From the first line onward, reproduce the records exactly; the final line to include is the one holding "ev \<Rightarrow> 'm".
◇ ◇ ◇ ◇
section \<open>Fair schedules\<close>

text \<open>A round-robin scheduler for the processes \<open>P\<close> that runs the detour \<open>X c e\<close>, ending in
  \<open>e\<close>, in place of each obligation \<open>e\<close>.  The detours are the hook for the final argument, which
  uses them to stay among bivalent configurations (the invariant \<open>I\<close>); elsewhere \<open>X c e = [e]\<close>.\<close>

locale fair_schedule = restricted_system A nL for A :: "('s, 'm) algo" and nL :: nat +
  fixes c0 :: "('s, 'm) cfg" and P :: "nat set"
    and X :: "('s, 'm) cfg \<Rightarrow> 'm ev \<Rightarrow> 'm ev list" and I :: "('s, 'm) cfg \<Rightarrow> bool"
  assumes wf_c0: "wf_cfg c0" and I_c0: "I c0" and P_sub_L: "P \<subseteq> L"
    and X_detour: "\<And>c e. wf_cfg c \<Longrightarrow> I c \<Longrightarrow> allowed c e \<Longrightarrow> steps_within P e \<Longrightarrow>
       applicable c (X c e) \<and> (\<forall>e' \<in> set (X c e). steps_within P e') \<and> I (exec c (X c e)) \<and>
       X c e \<noteq> [] \<and> last (X c e) = e"
begin

lemma finite_P: "finite P"
  using P_sub_L finite_subset by blast

definition msgs_to :: "('s, 'm) cfg \<Rightarrow> nat \<Rightarrow> (nat \<times> 'm) set" where
  "msgs_to c p = {(q, x). (q, p, x) \<in># net c}"

lemma finite_msgs_to: "finite (msgs_to c p)"
proof -
  have "msgs_to c p \<subseteq> (\<lambda>(q, d, x). (q, x)) ` set_mset (net c)"
    unfolding msgs_to_def by force
  then show ?thesis
    by (rule finite_subset) simp
qed

definition deliveries :: "('s, 'm) cfg \<Rightarrow> nat \<Rightarrow> 'm ev list" where
  "deliveries c p = map (\<lambda>(q, x). PStep p (Msg q x)) (SOME xs. set xs = msgs_to c p)"

lemma set_deliveries: "set (deliveries c p) = (\<lambda>(q, x). PStep p (Msg q x)) ` msgs_to c p"
proof -
  have "set (SOME xs. set xs = msgs_to c p) = msgs_to c p"
    by (rule someI_ex) (simp add: finite_list finite_msgs_to)
  then show ?thesis
    unfolding deliveries_def by simp
qed

definition response_delivery :: "('s, 'm) cfg \<Rightarrow> nat \<Rightarrow> 'm ev list" where
  "response_delivery c p = (if ng c p < nq c p \<and> rsp c (ng c p) \<noteq> None
     then [PStep p (Resp (the (rsp c (ng c p))))] else [])"

definition oracle_event :: "('s, 'm) cfg \<Rightarrow> 'm ev" where
  "oracle_event c = (SOME e. \<exists>k d. e = ORespond k d \<and> allowed c e)"

lemma oracle_event_allowed:
  "allowed c (ORespond k d) \<Longrightarrow> \<exists>k d. oracle_event c = ORespond k d \<and> allowed c (oracle_event c)"
  unfolding oracle_event_def by (rule someI_ex) auto

definition obligations :: "('s, 'm) cfg \<Rightarrow> 'm ev list" where
  "obligations c = (if \<exists>k d. allowed c (ORespond k d) then [oracle_event c] else []) @
     concat (map (\<lambda>p. response_delivery c p @ deliveries c p @ [PStep p NoInp])
       (sorted_list_of_set P))"

lemma set_obligations:
  "set (obligations c) = (if \<exists>k d. allowed c (ORespond k d) then {oracle_event c} else {}) \<union>
     (\<Union>p\<in>P. set (response_delivery c p) \<union> set (deliveries c p) \<union> {PStep p NoInp})"
  using finite_P by (auto simp: obligations_def)

lemma obligations_allowed: "e \<in> set (obligations c) \<Longrightarrow> allowed c e \<and> steps_within P e"
  using P_sub_L oracle_event_allowed
  by (fastforce simp: set_obligations response_delivery_def set_deliveries msgs_to_def
      steps_within_def allowed_def split: if_splits)

text \<open>The scheduler state is the configuration, the remaining events of the current detour
  and the remaining obligations of the current round.\<close>

fun sched_step :: "('s, 'm) cfg \<times> 'm ev list \<times> 'm ev list \<Rightarrow> ('s, 'm) cfg \<times> 'm ev list \<times> 'm ev list"
  where
  "sched_step (c, e # pend, obl) = (effect A c e, pend, obl)"
| "sched_step (c, [], e # obl) = (c, if allowed c e then X c e else [], obl)"
| "sched_step (c, [], []) = (c, [], obligations c)"
(* Let $V=\{1,\dots,p\}$ and let $F:2^V\to\mathbb{R}$ be a submodular, nondecreasing set-function with $F(\varnothing)=0$ and $F(\{k\})>0$ for all $k\in V$. Let $f$ be the Lovász extension of $F$ and define $\Omega:\mathbb{R}^p\to\mathbb{R}$ by $\Omega(w)=f(|w|)$. Then: (i) $\Omega$ is a norm on $\mathbb{R}^p$; (ii) $\Omega$ is the convex envelope (largest convex function lying below) of the function $g:w\mapsto F(\mathrm{Supp}(w))$ on the unit $\ell_\infty$-ball $\{w\in\mathbb{R}^p:\|w\|_\infty\leqslant 1\}$; (iii) the dual norm of $\Omega$, $\Omega^\ast(s)=\max_{\Omega(w)\leqslant 1} s^\top w$, satisfies $$\Omega^\ast(s)=\max_{A\subset V,\,A\neq\varnothing}\frac{\|s_A\|_1}{F(A)}=\max_{A\in\mathcal{T}}\frac{\|s_A\|_1}{F(A)}.$$
   Context: For $w\in\mathbb{R}^p$, $|w|$ is the vector of absolute values of its components, $\mathrm{Supp}(w)=\{j\in V: w_j\neq 0\}$, and $s_A$ is the subvector of $s$ indexed by $A$. The Lovász extension $f:\mathbb{R}_+^p\to\mathbb{R}$ of $F$ is defined as follows: for $w\in\mathbb{R}_+^p$, order the components as $w_{j_1}\geqslant\cdots\geqslant w_{j_p}\geqslant 0$ and set $f(w)=\sum_{k=1}^p w_{j_k}[F(\{j_1,\dots,j_k\})-F(\{j_1,\dots,j_{k-1}\})]$. A set $A\subset V$ is stable if for every $B\supset A$ with $B\neq A$ one has $F(B)>F(A)$. A nonempty set $A$ is separable if there is a partition $A=B_1\cup\cdots\cup B_k$ into $k\geqslant 2$ nonempty sets with $F(A)=F(B_1)+\cdots+F(B_k)$, and inseparable otherwise. $\mathcal{T}$ denotes the family of nonempty subsets of $V$ that are both stable and inseparable. *)

theory Defs
  imports "HOL-Analysis.Analysis"
begin

text \<open>Ground set V is the (finite) index type 'n, with p = CARD('n); vectors in R^p are real^'n.\<close>

definition submodular :: "('n set \<Rightarrow> real) \<Rightarrow> bool" where
  "submodular F \<longleftrightarrow> (\<forall>A B. F (A \<union> B) + F (A \<inter> B) \<le> F A + F B)"

definition nondecreasing_setfun :: "('n set \<Rightarrow> real) \<Rightarrow> bool" where
  "nondecreasing_setfun F \<longleftrightarrow> (\<forall>A B. A \<subseteq> B \<longrightarrow> F A \<le> F B)"

text \<open>Lovasz extension: order the components decreasingly as w_{j_1} >= ... >= w_{j_p}
  (an enumeration js of V) and sum w_{j_k} (F{j_1..j_k} - F{j_1..j_{k-1}}).
  Intended for nonnegative w only.\<close>
definition lovasz_ext :: "('n::finite set \<Rightarrow> real) \<Rightarrow> real^'n \<Rightarrow> real" where
  "lovasz_ext F w =
     (let js = (SOME js. distinct js \<and> set js = UNIV \<and> sorted_wrt (\<lambda>a b. w $ a \<ge> w $ b) js)
      in \<Sum>k<length js. w $ (js ! k) * (F (set (take (Suc k) js)) - F (set (take k js))))"

definition vabs :: "real^'n \<Rightarrow> real^'n" where
  "vabs w = (\<chi> i. \<bar>w $ i\<bar>)"

definition supp :: "real^'n \<Rightarrow> 'n set" where
  "supp w = {j. w $ j \<noteq> 0}"

definition is_norm_fun :: "(real^'n \<Rightarrow> real) \<Rightarrow> bool" where
  "is_norm_fun N \<longleftrightarrow>
     (\<forall>w. N w = 0 \<longleftrightarrow> w = 0) \<and>
     (\<forall>a w. N (a *\<^sub>R w) = \<bar>a\<bar> * N w) \<and>
     (\<forall>v w. N (v + w) \<le> N v + N w)"

definition convex_envelope_on :: "'a::real_vector set \<Rightarrow> ('a \<Rightarrow> real) \<Rightarrow> ('a \<Rightarrow> real) \<Rightarrow> bool" where
  "convex_envelope_on S g h \<longleftrightarrow>
     convex_on S h \<and> (\<forall>w\<in>S. h w \<le> g w) \<and>
     (\<forall>h'. convex_on S h' \<and> (\<forall>w\<in>S. h' w \<le> g w) \<longrightarrow> (\<forall>w\<in>S. h' w \<le> h w))"

definition linf_ball :: "(real^'n) set" where
  "linf_ball = {w. \<forall>i. \<bar>w $ i\<bar> \<le> 1}"

definition dual_norm :: "(real^'n \<Rightarrow> real) \<Rightarrow> real^'n \<Rightarrow> real" where
  "dual_norm N s = Sup {s \<bullet> w | w. N w \<le> 1}"

definition stable_set :: "('n set \<Rightarrow> real) \<Rightarrow> 'n set \<Rightarrow> bool" where
  "stable_set F A \<longleftrightarrow> (\<forall>B. A \<subset> B \<longrightarrow> F B > F A)"

definition separable_set :: "('n set \<Rightarrow> real) \<Rightarrow> 'n set \<Rightarrow> bool" where
  "separable_set F A \<longleftrightarrow> A \<noteq> {} \<and>
     (\<exists>P. finite P \<and> \<Union>P = A \<and> {} \<notin> P \<and> card P \<ge> 2 \<and>
          (\<forall>B\<in>P. \<forall>C\<in>P. B \<noteq> C \<longrightarrow> B \<inter> C = {}) \<and>
          F A = (\<Sum>B\<in>P. F B))"

definition inseparable_set :: "('n set \<Rightarrow> real) \<Rightarrow> 'n set \<Rightarrow> bool" where
  "inseparable_set F A \<longleftrightarrow> A \<noteq> {} \<and> \<not> separable_set F A"

definition stable_inseparable_family :: "('n set \<Rightarrow> real) \<Rightarrow> 'n set set" where
  "stable_inseparable_family F = {A. A \<noteq> {} \<and> stable_set F A \<and> inseparable_set F A}"

end

theory Submission
  imports Defs
begin

text \<open>
  For \<open>w \<ge> 0\<close> with decreasing enumeration \<open>j_1, ..., j_p\<close>, the Lovasz extension is
  \<open>f(w) = w \<bullet> g\<close> for the greedy vector \<open>g_{j_k} = F{j_1..j_k} - F{j_1..j_{k-1}}\<close>,
  which lies in \<open>P(F) = {x. x(A) \<le> F(A) for all A}\<close> by submodularity. Summation by
  parts writes \<open>f(w)\<close> as a nonnegative combination of the values \<open>F{j_1..j_k}\<close>, so
  \<open>w \<bullet> x \<le> f(w)\<close> for every \<open>x \<in> P(F)\<close>: on the nonnegative orthant \<open>f\<close> is the
  support function of \<open>P(F)\<close>. Hence \<open>f\<close> is positively homogeneous and subadditive
  (and monotone, as \<open>F\<close> is), \<open>\<Omega>(w) = f(|w|)\<close> is a norm, and its dual norm is
  \<open>max_A |s|(A) / F(A)\<close>.

  The same summation by parts writes any \<open>w\<close> with \<open>|w_j| \<le> 1\<close> as a convex combination
  of \<open>0\<close> and the sign vectors of \<open>w\<close> on the level sets \<open>{j_1..j_k}\<close> of \<open>|w|\<close>, with
  weights \<open>|w_{j_k}| - |w_{j_{k+1}}|\<close>; the values of \<open>F(Supp \<cdot>)\<close> at these points
  average to \<open>\<Omega>(w)\<close>, so every convex minorant of \<open>F(Supp \<cdot>)\<close> lies below \<open>\<Omega>\<close>.

  A maximiser \<open>A\<close> of \<open>|s|(A) / F(A)\<close> of least cardinality extends, without changing
  \<open>F\<close>, to a stable set \<open>B\<close>. Were \<open>B\<close> separable, \<open>F(B) = \<Sum> F(C)\<close>, then
  \<open>F(A) = \<Sum> F(A \<inter> C)\<close> and every \<open>A \<inter> C\<close> would be a smaller maximiser.
\<close>

lemma linf_ball_eq_cbox: "linf_ball = cbox (- 1) (1 :: real^'n)"
  by (auto simp: linf_ball_def mem_box_cart abs_le_iff)

lemma convex_linf_ball: "convex linf_ball"
  unfolding linf_ball_eq_cbox by (rule convex_box)

lemma convex_on_if_is_norm_fun:
  assumes "is_norm_fun N" "convex S"
  shows "convex_on S N"
proof (rule convex_onI)
  fix t :: real and x y
  assume t: "0 < t" "t < 1"
  have "N ((1 - t) *\<^sub>R x + t *\<^sub>R y) \<le> N ((1 - t) *\<^sub>R x) + N (t *\<^sub>R y)"
    using assms(1) unfolding is_norm_fun_def by blast
  also have "\<dots> = (1 - t) * N x + t * N y"
    using assms(1) t unfolding is_norm_fun_def by simp
  finally show "N ((1 - t) *\<^sub>R x + t *\<^sub>R y) \<le> (1 - t) * N x + t * N y" .
qed (rule assms(2))

lemma dual_norm_eq_maximum:
  assumes "N w\<^sub>0 \<le> 1" "s \<bullet> w\<^sub>0 = M" "\<And>w. N w \<le> 1 \<Longrightarrow> s \<bullet> w \<le> M"
  shows "dual_norm N s = M"
  unfolding dual_norm_def by (rule cSup_eq_maximum) (use assms in auto)

lemma nondecreasing_setfunD: "nondecreasing_setfun F \<Longrightarrow> A \<subseteq> B \<Longrightarrow> F A \<le> F B"
  unfolding nondecreasing_setfun_def by blast

lemma nondecreasing_setfun_nonneg: "F {} = 0 \<Longrightarrow> nondecreasing_setfun F \<Longrightarrow> F A \<ge> 0"
  using nondecreasing_setfunD[of F "{}" A] by simp

lemma exists_stable_superset:
  fixes F :: "'n::finite set \<Rightarrow> real"
  assumes "nondecreasing_setfun F"
  obtains B where "A \<subseteq> B" "F B = F A" "stable_set F B"
proof -
  have "\<forall>C. A \<subseteq> C \<and> F C = F A \<longrightarrow> card C < Suc CARD('n)"
    by (simp add: card_mono less_Suc_eq_le)
  then obtain B where B: "A \<subseteq> B" "F B = F A"
    and B_max: "\<And>C. A \<subseteq> C \<and> F C = F A \<Longrightarrow> card C \<le> card B"
    using ex_has_greatest_nat[of "\<lambda>C. A \<subseteq> C \<and> F C = F A" A card] by blast
  have "F B < F C" if "B \<subset> C" for C
  proof -
    have "card B < card C" using that by (simp add: psubset_card_mono)
    then have "F C \<noteq> F A" using B_max[of C] B that by fastforce
    then show ?thesis using nondecreasing_setfunD[OF assms, of B C] B that by auto
  qed
  then show ?thesis using that B unfolding stable_set_def by blast
qed

lemma submodular_Union_le:
  assumes "submodular F" "F {} = 0" "nondecreasing_setfun F" "finite P"
  shows "F (\<Union>C\<in>P. g C) \<le> (\<Sum>C\<in>P. F (g C))"
  using assms(4)
proof (induction P rule: finite_induct)
  case empty
  then show ?case using assms(2) by simp
next
  case (insert C P)
  have "F (g C \<union> (\<Union>D\<in>P. g D)) + F (g C \<inter> (\<Union>D\<in>P. g D)) \<le> F (g C) + F (\<Union>D\<in>P. g D)"
    using assms(1) unfolding submodular_def by blast
  then show ?case using insert nondecreasing_setfun_nonneg[OF assms(2,3), of "g C \<inter> (\<Union>D\<in>P. g D)"] by simp
qed

definition decreasing_enum :: "real^'n::finite \<Rightarrow> 'n list" where
  "decreasing_enum w = (SOME js. distinct js \<and> set js = UNIV \<and> sorted_wrt (\<lambda>a b. w $ a \<ge> w $ b) js)"

lemma decreasing_enum:
  fixes w :: "real^'n::finite"
  shows "distinct (decreasing_enum w)" "set (decreasing_enum w) = UNIV"
    "sorted_wrt (\<lambda>a b. w $ a \<ge> w $ b) (decreasing_enum w)"
proof -
  obtain xs :: "'n list" where xs: "set xs = UNIV"
    using finite_list[OF finite] by blast
  let ?js = "sort_key (\<lambda>a. - w $ a) (remdups xs)"
  have "sorted_wrt (\<lambda>a b. - w $ a \<le> - w $ b) ?js"
    using sorted_sort_key[of "\<lambda>a. - w $ a" "remdups xs"] unfolding sorted_map .
  then have "sorted_wrt (\<lambda>a b. w $ a \<ge> w $ b) ?js"
    by (rule sorted_wrt_mono_rel[rotated]) simp
  moreover have "distinct ?js" "set ?js = UNIV" by (simp_all add: xs)
  ultimately have "\<exists>js. distinct js \<and> set js = UNIV \<and> sorted_wrt (\<lambda>a b. w $ a \<ge> w $ b) js"
    by blast
  from someI_ex[OF this] show "distinct (decreasing_enum w)" "set (decreasing_enum w) = UNIV"
    "sorted_wrt (\<lambda>a b. w $ a \<ge> w $ b) (decreasing_enum w)"
    unfolding decreasing_enum_def by blast+
qed

lemma sum_nth_eq_sum_UNIV:
  assumes "distinct js" "set js = (UNIV :: 'n::finite set)"
  shows "(\<Sum>k<length js. g (js ! k)) = (\<Sum>i\<in>UNIV. g i)"
  using sum.reindex_bij_betw[OF bij_betw_nth[OF assms(1) refl refl], of g] assms(2) by simp

lemma set_take_Suc_nth: "k < length js \<Longrightarrow> set (take (Suc k) js) = insert (js ! k) (set (take k js))"
  by (simp add: take_Suc_conv_app_nth)

lemma nth_in_set_take_iff:
  assumes "distinct js" "m < length js"
  shows "js ! m \<in> set (take j js) \<longleftrightarrow> m < j"
proof
  assume "js ! m \<in> set (take j js)"
  then obtain t where "t < length (take j js)" "take j js ! t = js ! m"
    by (auto simp: in_set_conv_nth)
  then show "m < j" using assms nth_eq_iff_index_eq by fastforce
next
  assume "m < j"
  then show "js ! m \<in> set (take j js)"
    using assms(2) by (metis in_set_conv_nth length_take min_less_iff_conj nth_take)
qed
theorem proposition2:
  fixes C :: "nat \<Rightarrow> int^'n" and S :: "(real^'n) set" and Fam :: "(real^'n) set set"
  assumes "\<forall>T\<in>Fam. compact T"
    and "\<forall>T\<in>Fam. \<forall>a b. a \<noteq> 0 \<longrightarrow> T \<inter> {x. a \<bullet> x \<ge> b} \<in> Fam"
    and "S \<in> Fam" and "S \<noteq> {}"
    and "C 1 \<noteq> 0" and "Gcd (range (\<lambda>j. C 1 $ j)) = 1"
    and "lattice_basis C"
  shows "(\<forall>m. alg_state C S m \<noteq> {} \<and> \<not> intpt (lexmin C (alg_state C S m)) \<longrightarrow>
            (\<forall>y\<in>alg_state C S m. intpt y \<longrightarrow>
                y \<in> cut_halfspace C (lexmin C (alg_state C S m))) \<and>
            lexmin C (alg_state C S m) \<notin> cut_halfspace C (lexmin C (alg_state C S m)))
       \<and> (\<exists>m. alg_state C S m = {} \<or> intpt (lexmin C (alg_state C S m)))"
proof -
  have lb: "lattice_basis C" and S: "compact S"
    using assms(1,3,7) by auto
  show ?thesis
  proof (intro conjI allI impI ballI)
    fix m y
    assume running: "alg_state C S m \<noteq> {} \<and> \<not> intpt (lexmin C (alg_state C S m))"
      and y: "y \<in> alg_state C S m" "intpt y"
    let ?T = "alg_state C S m"
    have "lexmin C ?T \<in> Kcone C" "y \<in> Kcone C"
      using lexmin_in[OF lb compact_alg_state[OF S]] running y(1) alg_state_subset_Kcone by blast+
    moreover have "lexless C (lexmin C ?T) y"
      using lexmin_lexless[OF lb compact_alg_state[OF S]] running y by metis
    ultimately show "y \<in> cut_halfspace C (lexmin C ?T)"
      using cut_halfspace_lex_greater_intpt[OF lb] running y(2) by blast
  next
    fix m
    assume "alg_state C S m \<noteq> {} \<and> \<not> intpt (lexmin C (alg_state C S m))"
    then show "lexmin C (alg_state C S m) \<notin> cut_halfspace C (lexmin C (alg_state C S m))"
      using notin_cut_halfspace[OF lb] by blast
  next
    show "\<exists>m. alg_state C S m = {} \<or> intpt (lexmin C (alg_state C S m))"
      using alg_state_terminates[OF lb S] .
  qed
qed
◇ ◇ ◇ ◇
• _Output for this exercise_
section \<open>Fair schedules\<close>

text \<open>A round-robin scheduler for the processes \<open>P\<close> that runs the detour \<open>X c e\<close>, ending in
  \<open>e\<close>, in place of each obligation \<open>e\<close>.  The detours are the hook for the final argument, which
  uses them to stay among bivalent configurations (the invariant \<open>I\<close>); elsewhere \<open>X c e = [e]\<close>.\<close>

locale fair_schedule = restricted_system A nL for A :: "('s, 'm) algo" and nL :: nat +
  fixes c0 :: "('s, 'm) cfg" and P :: "nat set"
    and X :: "('s, 'm) cfg \<Rightarrow> 'm ev \<Rightarrow> 'm ev list" and I :: "('s, 'm) cfg \<Rightarrow> bool"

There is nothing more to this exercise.